# And not only legal! Etcetera also celebrated it by hitting the second milestone



## Setwale_Charm

Well done!! Fair achievement for your age!!
Congratulations!! You are taking new barriers again and again!!


----------



## Nunty

You go girl! Your posts are a joy to read. I'm eagerly waiting the next kilopost...


----------



## cherine

Congratulations Anna 

I always enjoy reading your posts in cultura


----------



## geve

Félicitations *Etcetera* !

Well then, you really deserve what you asked for for your birthday. Enjoy! 
Don't spend it all at once, share with your friends.


----------



## KaRiNe_Fr

That's not fair Anna... Next time try to avoid such a situation.
As you can't change your date of birth, may I suggest you to stop posting at least the week of your birthday? 
Anyway, congrats! Anna-Rita.


----------



## Etcetera

Setwale, thanks a lot! 

Sister Claire Edith, I really liked the word "kilopost"! And I'll surely remember it.

Thanks Cherine. Reading your posts is a pleasure for me, too. 

Geve, the coins are _delicious_! Show me a forer@ who wouldn't be a chocoholic! And I'll be sure to share these coins with friends. 

Merci Karine. There can't be too many congratulations, right?


----------



## Venezuelan_sweetie

Hey! 

Is that OK? Now that you're old enough to drink, you _incidentally_ hit your second milestone...  That's what I call 'perfect timing'! 

I guess that means you won't get arrested in the U.S. if they catch you in the middle of a scene like this (did they have fake food back then?), or see you walking into places like this... Since you now have a double reason for having a drink, I brought you two little details for a beautiful celebrity like yourself, Anita...  Hope you like them both as much as I would! 

Oh, and what do you say about taking some days off and getting a nice tan? I mean, you must be exhausted, after writing 2,000 worth-reading posts, being a Love Goddess, dancing like an angel and learning Piedmontese, all at the same time... 

I case that sounds convincing enough, let me tell you we have really nice beaches down here, the best ones of the Caribbean Sea. Care for a holiday in Venezuela? Who knows, maybe your own and personal Fred Astaire is waiting for you somewhere in Caracas... 

What I mean with all that noise is: 

*Congrats, **Anna**!*​


----------



## Miguelillo 87

Etcetera, Although I haven't been in touch with you a lot, I know all the knowladge that you have, I always read you and I can say you're a great person your way of think and write is awsome!!!

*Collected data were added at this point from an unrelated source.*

(* Let $q_1,\dots,q_k$ be real polynomials, all of the same degree $m\ge1$, with $q_i(x)\to\infty$ as $x\to\infty$; write $a^{(i)}_m>0$ for the leading coefficient of $q_i$ and $c_{i,j}=(a^{(j)}_m/a^{(i)}_m)^{1/m}$. Let $1\le t_1<\dots<t_u\le k$. Then there exist integers $M=M(t_1,\dots,t_u)\ge0$ and $a=a(t_1,\dots,t_u)>0$ with $a\ge M$ such that $$\lim_{r\to\infty}\frac1r\Big|\Big\{1\le n\le r:\ q_{t_1}(n)\in\bigcap_{i=1}^u q_{t_i}(\mathbb N)\Big\}\Big|=\frac{M(t_1,\dots,t_u)}{a(t_1,\dots,t_u)},$$ where for $u=1$, $M=a=1$. Moreover, for $u>1$: (1) If for every $2\le i\le u$ one has $c_{t_i,t_1}=\beta_i/\alpha_i\in\mathbb Q$ with coprime positive integers $\alpha_i,\beta_i$, and there is $x_i\in\mathbb Q$ with $q_{t_i}(y)=q_{t_1}(c_{t_1,t_i}(y-x_i))$ for all $y\in\mathbb R$, then $a(t_1,\dots,t_u)=\mathrm{lcm}(\alpha_2,\dots,\alpha_u)$ and $M(t_1,\dots,t_u)=|(W_2\times\dots\times W_u)\cap V|$, where $W_i=\{0,1,\dots,\alpha_i-1\}\cap\frac{\alpha_i}{\beta_i}(\mathbb Z-x_i)$ and $V=\{(w_2,\dots,w_u): w_i-w_j\in\alpha_j\mathbb N-\alpha_i\mathbb N\ \forall i,j\}$ (i.e. the tuples for which the congruences $n\equiv w_i \pmod{\alpha_i}$, $2\le i\le u$, have a common solution). (2) If $c_{t_i,t_1}\notin\mathbb Q$ for some $i$, or $c_{t_i,t_1}\in\mathbb Q$ but for some $2\le i\le u$ no $x_i\in\mathbb Q$ satisfies the identity in (1), then $M(t_1,\dots,t_u)=0$. (3) Let $R$ be such that all $q_i$ are strictly increasing on $[R,\infty)$, put $A_i=q_1^{-1}(q_i(\mathbb N))$ (preimages taken in $[R,\infty)$) and $A=\bigcup_{i=1}^kA_i$. Then $$\lim_{r\to\infty}\frac{|\bigcap_{j=1}^uA_{t_j}\cap[1,r]|}r=c_{t_1,1}\frac{M(t_1,\dots,t_u)}{a(t_1,\dots,t_u)},$$ and $$\lim_{r\to\infty}\frac{|A\cap[1,r]|}r=\sum_{u=1}^k(-1)^{u+1}\sum_{1\le t_1<\dots<t_u\le k}c_{t_1,1}\frac{M(t_1,\dots,t_u)}{a(t_1,\dots,t_u)}=:c\ge1.$$
   Context: $|\Gamma|$ denotes the cardinality of a finite set $\Gamma$; $\mathbb N$ is the set of positive integers. *)

theory Defs
  imports Complex_Main "HOL-Library.FuncSet" "HOL-Computational_Algebra.Polynomial"
begin

definition cc :: "(nat \<Rightarrow> real poly) \<Rightarrow> nat \<Rightarrow> nat \<Rightarrow> nat \<Rightarrow> real" where
  "cc q m i j = (lead_coeff (q j) / lead_coeff (q i)) powr (1 / real m)"

definition polyvals :: "real poly \<Rightarrow> real set" where
  "polyvals p = {poly p (real l) | l. l \<ge> 1}"

definition Aset :: "(nat \<Rightarrow> real poly) \<Rightarrow> real \<Rightarrow> nat \<Rightarrow> real set" where
  "Aset q R i = {x. R \<le> x \<and> poly (q 1) x \<in> polyvals (q i)}"

definition Wset :: "nat \<Rightarrow> nat \<Rightarrow> real \<Rightarrow> int set" where
  "Wset \<alpha> \<beta> x = {w. 0 \<le> w \<and> w < int \<alpha> \<and>
      (\<exists>z::int. real_of_int w = (real \<alpha> / real \<beta>) * (real_of_int z - x))}"

definition diffset :: "nat \<Rightarrow> nat \<Rightarrow> int set" where
  "diffset aj ai = {int aj * int s - int ai * int t | s t. s \<ge> 1 \<and> t \<ge> 1}"

end

theory Submission
  imports Defs
begin

text \<open>
  For real polynomials \<open>P\<close>, \<open>Q\<close> of the same degree \<open>m\<close> with positive leading coefficients,
  the equation \<open>Q y = P s\<close> has for large \<open>s\<close> exactly one large solution, and it equals
  \<open>c s + d + O(1/s)\<close> with \<open>c = (lead_coeff P / lead_coeff Q)\<^bsup>1/m\<^esup>\<close>: choosing \<open>d\<close> so that
  \<open>Q (c s + d)\<close> and \<open>P s\<close> agree in their two top coefficients leaves a difference of order
  \<open>s\<^bsup>m-2\<^esup>\<close>, while \<open>Q\<close> increases at rate \<open>s\<^bsup>m-1\<^esup>\<close>.

  If \<open>c\<close> is irrational, two integers \<open>a < b \<le> a + H\<close> with \<open>P a, P b \<in> Q(\<nat>)\<close> would put
  \<open>c (b - a)\<close> within \<open>O(1/a)\<close> of an integer, so such \<open>n\<close> have density zero. If \<open>c\<close> is
  rational and there are infinitely many of them, then along a residue class their offsets from
  the line \<open>c n + d\<close> differ by integers and tend to zero, so they vanish, which forces the identity
  \<open>Q (c y + d) = P y\<close>; then \<open>P n \<in> Q(\<nat>)\<close> means that \<open>n\<close> lies in the lattice
  \<open>(\<alpha>/\<beta>)(\<int> - x)\<close>. Intersecting these conditions for \<open>t\<^sub>2, \<dots>, t\<^sub>u\<close> gives an eventually
  periodic set of period \<open>lcm \<alpha>\<^sub>i\<close>, whose residues are counted with the Chinese remainder
  theorem.

  For part (3), \<open>q\<^sub>1\<^sup>-\<^sup>1 \<circ> q\<^sub>t\<^sub>1\<close> is asymptotically linear with slope \<open>c\<^sub>t\<^sub>1\<^sub>,\<^sub>1\<close>, which
  rescales densities, and inclusion--exclusion handles the union.
\<close>

section \<open>Growth of real polynomials\<close>

lemma poly_mult_le_power_if_coeffs_vanish:
  fixes g :: "real poly"
  assumes "\<forall>i\<ge>n. coeff g i = 0"
  shows "\<exists>C\<ge>0. \<forall>y\<ge>1. \<bar>poly g y\<bar> * y \<le> C * y ^ n"
proof (cases "n = 0")
  case True
  then have "g = 0" using assms by (auto intro: poly_eqI)
  then show ?thesis by (intro exI[of _ 0]) auto
next
  case False
  have dg: "degree g \<le> n - 1"
    using assms False by (intro degree_le) auto
  define C where "C = (\<Sum>i\<le>degree g. \<bar>coeff g i\<bar>)"
  show ?thesis
  proof (intro exI conjI allI impI)
    show "C \<ge> 0" unfolding C_def by (intro sum_nonneg) auto
    fix y :: real assume y: "y \<ge> 1"
    have "\<bar>poly g y\<bar> * y = \<bar>\<Sum>i\<le>degree g. coeff g i * y ^ i * y\<bar>"
      using y by (simp add: poly_altdef sum_distrib_right[symmetric] abs_mult)
    also have "\<dots> \<le> (\<Sum>i\<le>degree g. \<bar>coeff g i * y ^ i * y\<bar>)"
      by (rule sum_abs)
    also have "\<dots> \<le> (\<Sum>i\<le>degree g. \<bar>coeff g i\<bar> * y ^ n)"
    proof (rule sum_mono)
      fix i assume i: "i \<in> {..degree g}"
      have "y ^ i * y = y ^ (Suc i)" by simp
      also have "\<dots> \<le> y ^ n" using y i dg False by (intro power_increasing) auto
      finally show "\<bar>coeff g i * y ^ i * y\<bar> \<le> \<bar>coeff g i\<bar> * y ^ n"
        using y by (simp add: abs_mult mult.assoc mult_left_mono)
    qed
    also have "\<dots> = C * y ^ n" unfolding C_def by (simp add: sum_distrib_right)
    finally show "\<bar>poly g y\<bar> * y \<le> C * y ^ n" .
  qed
qed

lemma poly_ge_half_lead_coeff:
  fixes r :: "real poly"
  assumes "lead_coeff r > 0"
  shows "\<exists>Z\<ge>1. \<forall>z\<ge>Z. poly r z \<ge> lead_coeff r / 2 * z ^ degree r"
proof -
  define j where "j = degree r"
  define L where "L = lead_coeff r"
  define s where "s = r - monom L j"
  have "\<forall>i\<ge>j. coeff s i = 0"
    unfolding s_def L_def j_def by (auto simp: coeff_monom coeff_eq_0)
  from poly_mult_le_power_if_coeffs_vanish[OF this]
  obtain C where C: "C \<ge> 0" "\<forall>y\<ge>1. \<bar>poly s y\<bar> * y \<le> C * y ^ j"
    by blast
  have L0: "L > 0" using assms L_def by simp
  show ?thesis
  proof (intro exI conjI allI impI)
    show "max 1 (2 * C / L) \<ge> 1" by simp
    fix z :: real assume z: "max 1 (2 * C / L) \<le> z"
    then have z1: "z \<ge> 1" and z2: "2 * C / L \<le> z" by auto
    have "\<bar>poly s z\<bar> * z \<le> C * z ^ j" using C z1 by auto
    also have "C * z ^ j \<le> (L / 2 * z) * z ^ j"
      using z2 L0 z1 by (intro mult_right_mono) (auto simp: field_simps)
    finally have "\<bar>poly s z\<bar> \<le> L / 2 * z ^ j" using z1 by (simp add: mult_ac)
    moreover have "poly r z = L * z ^ j + poly s z" unfolding s_def by (simp add: poly_monom)
    ultimately show "poly r z \<ge> lead_coeff r / 2 * z ^ degree r"
      unfolding L_def j_def by linarith
  qed
qed

lemma poly_eventually_ge:
  fixes P :: "real poly" and B :: real
  assumes "lead_coeff P > 0" and "degree P \<ge> 1"
  shows "\<exists>S\<ge>1. \<forall>s\<ge>S. poly P s \<ge> B"
proof -
  obtain Z where Z: "Z \<ge> 1" "\<forall>z\<ge>Z. poly P z \<ge> lead_coeff P / 2 * z ^ degree P"
    using poly_ge_half_lead_coeff[OF assms(1)] by blast
  show ?thesis
  proof (intro exI conjI allI impI)
    show "max Z (2 * \<bar>B\<bar> / lead_coeff P) \<ge> 1" using Z by simp
    fix s assume s: "max Z (2 * \<bar>B\<bar> / lead_coeff P) \<le> s"
    have "s ^ degree P \<ge> s"
      using s Z assms(2) by (metis max.bounded_iff order_trans power_increasing power_one_right)
    then have "lead_coeff P / 2 * s ^ degree P \<ge> lead_coeff P / 2 * s"
      using assms(1) by simp
    moreover have "lead_coeff P / 2 * s \<ge> \<bar>B\<bar>"
      using s assms(1) by (simp add: field_simps)
    ultimately show "poly P s \<ge> B" using Z s by force
  qed
qed

lemma lead_coeff_pos_if_tendsto_at_top:
  fixes p :: "real poly"
  assumes "degree p \<ge> 1" and "filterlim (poly p) at_top at_top"
  shows "lead_coeff p > 0"
proof (rule ccontr)
  assume "\<not> lead_coeff p > 0"
  moreover have "lead_coeff p \<noteq> 0" using assms(1) by auto
  ultimately have "lead_coeff p < 0" by linarith
  then have "lead_coeff (- p) > 0" by simp
  then obtain S where S: "\<forall>s\<ge>S. poly (- p) s \<ge> 0"
    using poly_eventually_ge[of "- p" 0] assms(1) by auto
  obtain N where "\<forall>x\<ge>N. poly p x \<ge> 1"
    using assms(2) unfolding filterlim_at_top eventually_at_top_linorder by blast
  then have "poly p (max N S) \<ge> 1" by simp
  then show False using S[rule_format, of "max N S"] by simp
qed
(* Let $A\in\mathbb{R}^{m\times n}$, $y\in\mathbb{R}^m$, $\lambda>0$, and let $x^\star$ be a global minimizer of $$\min_{x\in\mathbb{R}^n}\ \frac{1}{2\lambda}\|Ax-y\|^2+\sum_{i=1}^{N} w_i\|x_{G_i}\|.$$ Let $\beta^\star=-\frac{1}{\lambda}A^\top(Ax^\star-y)$. Then for every $t\in\{1,\dots,N\}$: if $\|\beta^\star_{G_t}\|<w_t$, then $x^\star_{G_t}=0$.
   Context: Let $n,N\in\mathbb{N}$ and let $G_1,\dots,G_N\subseteq\{1,\dots,n\}$ be nonempty index sets (groups), possibly overlapping, with $\bigcup_{i=1}^N G_i=\{1,\dots,n\}$, and let $w_1,\dots,w_N>0$ be weights. For $x\in\mathbb{R}^n$ and $G\subseteq\{1,\dots,n\}$, $x_G\in\mathbb{R}^{|G|}$ denotes the subvector of $x$ with entries indexed by $G$ (in increasing index order). All norms are Euclidean. The vector $\beta^\star$ is called the LASSO certificate. *)

theory Defs
  imports "HOL-Analysis.Analysis"
begin

definition subvec_norm :: "'n::finite set \<Rightarrow> real^'n \<Rightarrow> real" where
  "subvec_norm G x = sqrt (\<Sum>j\<in>G. (x $ j)^2)"

definition group_lasso_obj ::
  "real^'n::finite^'m::finite \<Rightarrow> real^'m \<Rightarrow> real \<Rightarrow> nat \<Rightarrow> (nat \<Rightarrow> 'n set) \<Rightarrow> (nat \<Rightarrow> real)
   \<Rightarrow> real^'n \<Rightarrow> real" where
  "group_lasso_obj A y lam N G w x =
     (1 / (2 * lam)) * (norm (A *v x - y))^2 + (\<Sum>i=1..N. w i * subvec_norm (G i) x)"

end

theory Submission
  imports Defs
begin

text \<open>Shrinking \<open>x\<close> on the group \<open>G\<^sub>t\<close> to \<open>x - s x\<^sub>G\<^sub>t\<close> lowers the penalty by
  \<open>s w\<^sub>t \<parallel>x\<^sub>G\<^sub>t\<parallel>\<close>, while the quadratic loss grows by at most
  \<open>s \<parallel>\<beta>\<^sub>G\<^sub>t\<parallel> \<parallel>x\<^sub>G\<^sub>t\<parallel> + O(s\<^sup>2)\<close>, by Cauchy-Schwarz on the linear term. So if
  \<open>\<parallel>\<beta>\<^sub>G\<^sub>t\<parallel> < w\<^sub>t\<close> and \<open>x\<^sub>G\<^sub>t \<noteq> 0\<close>, a small step strictly decreases the objective.\<close>

lemma subvec_norm_pos_iff: "0 < subvec_norm G x \<longleftrightarrow> (\<exists>j\<in>G. x $ j \<noteq> 0)"
proof -
  have "(\<Sum>j\<in>G. (x $ j)\<^sup>2) = 0 \<longleftrightarrow> (\<forall>j\<in>G. x $ j = 0)"
    by (simp add: sum_nonneg_eq_0_iff)
  then show ?thesis
    using sum_nonneg[of G "\<lambda>j. (x $ j)\<^sup>2"]
    by (auto simp: subvec_norm_def order_less_le)
qed

definition group_proj :: "'n::finite set \<Rightarrow> real^'n \<Rightarrow> real^'n" where
  "group_proj G x = (\<chi> j. if j \<in> G then x $ j else 0)"

lemma shrink_component:
  "(x - s *\<^sub>R group_proj G x) $ j = (if j \<in> G then (1 - s) * x $ j else x $ j)"
  by (simp add: group_proj_def algebra_simps)

lemma subvec_norm_shrink_le:
  assumes "0 \<le> s" "s \<le> 1"
  shows "subvec_norm H (x - s *\<^sub>R group_proj G x) \<le> subvec_norm H x"
proof -
  have "((1 - s) * x $ j)\<^sup>2 \<le> (x $ j)\<^sup>2" for j
  proof -
    have "(1 - s)\<^sup>2 \<le> 1" using assms by (simp add: power_le_one)
    then show ?thesis by (simp add: power_mult_distrib mult_left_le_one_le)
  qed
  then show ?thesis
    unfolding subvec_norm_def shrink_component
    by (intro real_sqrt_le_mono sum_mono) auto
qed

lemma subvec_norm_shrink_same:
  assumes "s \<le> 1"
  shows "subvec_norm G (x - s *\<^sub>R group_proj G x) = (1 - s) * subvec_norm G x"
proof -
  have "(\<Sum>j\<in>G. ((x - s *\<^sub>R group_proj G x) $ j)\<^sup>2) = (1 - s)\<^sup>2 * (\<Sum>j\<in>G. (x $ j)\<^sup>2)"
    unfolding shrink_component by (simp add: sum_distrib_left power_mult_distrib)
  then show ?thesis
    using assms by (simp add: subvec_norm_def real_sqrt_mult)
qed

lemma inner_group_proj_le: "inner u (group_proj G x) \<le> subvec_norm G u * subvec_norm G x"
proof -
  have "inner u (group_proj G x) = (\<Sum>j\<in>G. u $ j * x $ j)"
    by (simp add: inner_vec_def group_proj_def if_distrib sum.If_cases)
  also have "\<dots> \<le> (\<Sum>j\<in>G. \<bar>u $ j\<bar> * \<bar>x $ j\<bar>)"
    by (intro sum_mono) (metis abs_ge_self abs_mult)
  also have "\<dots> \<le> L2_set (\<lambda>j. u $ j) G * L2_set (\<lambda>j. x $ j) G"
    by (rule L2_set_mult_ineq)
  finally show ?thesis
    by (simp add: subvec_norm_def L2_set_def)
qed

lemma weighted_group_norms_shrink_le:
  fixes N :: nat and w :: "nat \<Rightarrow> real"
  assumes weights_nonneg: "\<forall>i\<in>{1..N}. 0 \<le> w i"
    and t_range: "t \<in> {1..N}" and s_range: "0 \<le> s" "s \<le> 1"
  shows "(\<Sum>i=1..N. w i * subvec_norm (G i) (x - s *\<^sub>R group_proj (G t) x))
    \<le> (\<Sum>i=1..N. w i * subvec_norm (G i) x) - s * w t * subvec_norm (G t) x"
proof -
  let ?z = "x - s *\<^sub>R group_proj (G t) x"
  have split: "(\<Sum>i=1..N. f i) = f t + (\<Sum>i\<in>{1..N} - {t}. f i)" for f :: "nat \<Rightarrow> real"
    using sum.remove[OF _ t_range] by simp
  have "(\<Sum>i\<in>{1..N} - {t}. w i * subvec_norm (G i) ?z) \<le> (\<Sum>i\<in>{1..N} - {t}. w i * subvec_norm (G i) x)"
    using weights_nonneg subvec_norm_shrink_le[OF s_range]
    by (intro sum_mono mult_left_mono) auto
  moreover have "w t * subvec_norm (G t) ?z = w t * subvec_norm (G t) x - s * w t * subvec_norm (G t) x"
    unfolding subvec_norm_shrink_same[OF s_range(2)] by (simp add: algebra_simps)
  ultimately show ?thesis
    unfolding split[of "\<lambda>i. w i * subvec_norm (G i) _"] by linarith
qed

lemma norm_residual_diff_sq:
  fixes A :: "real^'n::finite^'m::finite"
  shows "(norm (A *v (x - v) - y))\<^sup>2
    = (norm (A *v x - y))\<^sup>2 - 2 * inner (transpose A *v (A *v x - y)) v + (norm (A *v v))\<^sup>2"
proof -
  have "A *v (x - v) - y = (A *v x - y) - A *v v"
    by (simp add: matrix_vector_mult_diff_distrib)
  moreover have "inner (A *v x - y) (A *v v) = inner (transpose A *v (A *v x - y)) v"
    by (simp add: dot_lmul_matrix)
  ultimately show ?thesis
    by (simp add: power2_norm_eq_inner inner_diff_left inner_diff_right inner_commute)
qed

lemma group_lasso_obj_shrink_le:
  fixes A :: "real^'n::finite^'m::finite" and x :: "real^'n" and y :: "real^'m" and lam :: real
    and G :: "nat \<Rightarrow> 'n set" and t :: nat
  defines "\<beta> \<equiv> - (1 / lam) *\<^sub>R (transpose A *v (A *v x - y))"
    and "p \<equiv> group_proj (G t) x"
  assumes lam_pos: "0 < lam" and weights_nonneg: "\<forall>i\<in>{1..N}. 0 \<le> w i"
    and t_range: "t \<in> {1..N}" and s_range: "0 \<le> s" "s \<le> 1"
  shows "group_lasso_obj A y lam N G w (x - s *\<^sub>R p)
    \<le> group_lasso_obj A y lam N G w x
       - s * ((w t - subvec_norm (G t) \<beta>) * subvec_norm (G t) x)
       + s\<^sup>2 * ((norm (A *v p))\<^sup>2 / (2 * lam))"
proof -
  have "(1 / (2 * lam)) * (norm (A *v (x - s *\<^sub>R p) - y))\<^sup>2
      = (1 / (2 * lam)) * (norm (A *v x - y))\<^sup>2 + s * inner \<beta> p + s\<^sup>2 * ((norm (A *v p))\<^sup>2 / (2 * lam))"
    using norm_residual_diff_sq[of A x "s *\<^sub>R p" y] lam_pos
    by (simp add: \<beta>_def matrix_vector_mult_scaleR power_mult_distrib field_simps)
  moreover have "s * inner \<beta> p \<le> s * (subvec_norm (G t) \<beta> * subvec_norm (G t) x)"
    unfolding p_def using inner_group_proj_le s_range(1) by (rule mult_left_mono)
  moreover note weighted_group_norms_shrink_le[OF weights_nonneg t_range s_range, of G x]
  ultimately show ?thesis
    unfolding group_lasso_obj_def p_def by (simp add: algebra_simps)
qed

lemma small_step_exists:
  fixes a K :: real
  assumes "0 < a" "0 \<le> K"
  shows "\<exists>s. 0 < s \<and> s \<le> 1 \<and> s * K < a"
proof -
  define s where "s = min 1 (a / (K + 1))"
  have "s * K \<le> a / (K + 1) * K"
    using assms by (intro mult_right_mono) (auto simp: s_def)
  also have "\<dots> < a"
    using assms by (simp add: field_simps)
  finally show ?thesis
    using assms by (intro exI[of _ s]) (auto simp: s_def)
qed

theorem proposition3p5:
  fixes A :: "real^'n::finite^'m::finite" and y :: "real^'m"
    and lam :: real and N :: nat and G :: "nat \<Rightarrow> 'n set" and w :: "nat \<Rightarrow> real"
    and xs :: "real^'n" and t :: nat
  assumes groups_nonempty: "\<forall>i\<in>{1..N}. G i \<noteq> {}"
    and groups_cover: "(\<Union>i\<in>{1..N}. G i) = UNIV"
    and weights_pos: "\<forall>i\<in>{1..N}. w i > 0"
    and lam_pos: "lam > 0"
    and minimizer: "\<forall>x. group_lasso_obj A y lam N G w xs \<le> group_lasso_obj A y lam N G w x"
    and t_range: "t \<in> {1..N}"
    and small: "subvec_norm (G t) (- (1 / lam) *\<^sub>R (transpose A *v (A *v xs - y))) < w t"
  shows "\<forall>j\<in>G t. xs $ j = 0"
proof (rule ccontr)
  let ?b = "subvec_norm (G t) (- (1 / lam) *\<^sub>R (transpose A *v (A *v xs - y)))"
  let ?p = "group_proj (G t) xs"
  let ?K = "(norm (A *v ?p))\<^sup>2 / (2 * lam)"
  assume "\<not> (\<forall>j\<in>G t. xs $ j = 0)"
  then have "0 < subvec_norm (G t) xs"
    by (simp add: subvec_norm_pos_iff)
  with small have "0 < (w t - ?b) * subvec_norm (G t) xs"
    by simp
  moreover have "0 \<le> ?K"
    using lam_pos by simp
  ultimately obtain s where s: "0 < s" "s \<le> 1" "s * ?K < (w t - ?b) * subvec_norm (G t) xs"
    using small_step_exists by blast
  have "group_lasso_obj A y lam N G w (xs - s *\<^sub>R ?p)
      \<le> group_lasso_obj A y lam N G w xs + s * (s * ?K - (w t - ?b) * subvec_norm (G t) xs)"
    using group_lasso_obj_shrink_le[OF lam_pos _ t_range, where x = xs and y = y and s = s] weights_pos s
    by (simp add: less_imp_le power2_eq_square algebra_simps)
  also have "\<dots> < group_lasso_obj A y lam N G w xs"
    using s by (simp add: mult_pos_neg)
  finally show False
    using minimizer by (meson not_le)
qed

end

Thanks for share your 2000 thoughts with us.

Kepp going like that and continue give us your charming and willness. 

¡Un gran abrazo desde México! 
And obviosly a *gift* from my country


----------



## Etcetera

Dear Sweetie, thank you for the congratulations and all the nice pictures! By the way, in Russia the age of majority is 18, not 21. So I've been old enough to drink for three years already! And, ahh, the Caribbean! Are there still any pirates around?

Gracias Miguelillo! Thanks for the gift. Hope we'll have more opportunities to discuss issues in the future!


----------



## Mei

Congratulations girl, thanks for all your comments. 

Mei


----------



## Chazzwozzer

*Congratulations, Etcetera! Way to go! *


----------



## GEmatt

Congratulations, many happy returns, etc etc, Etcetera!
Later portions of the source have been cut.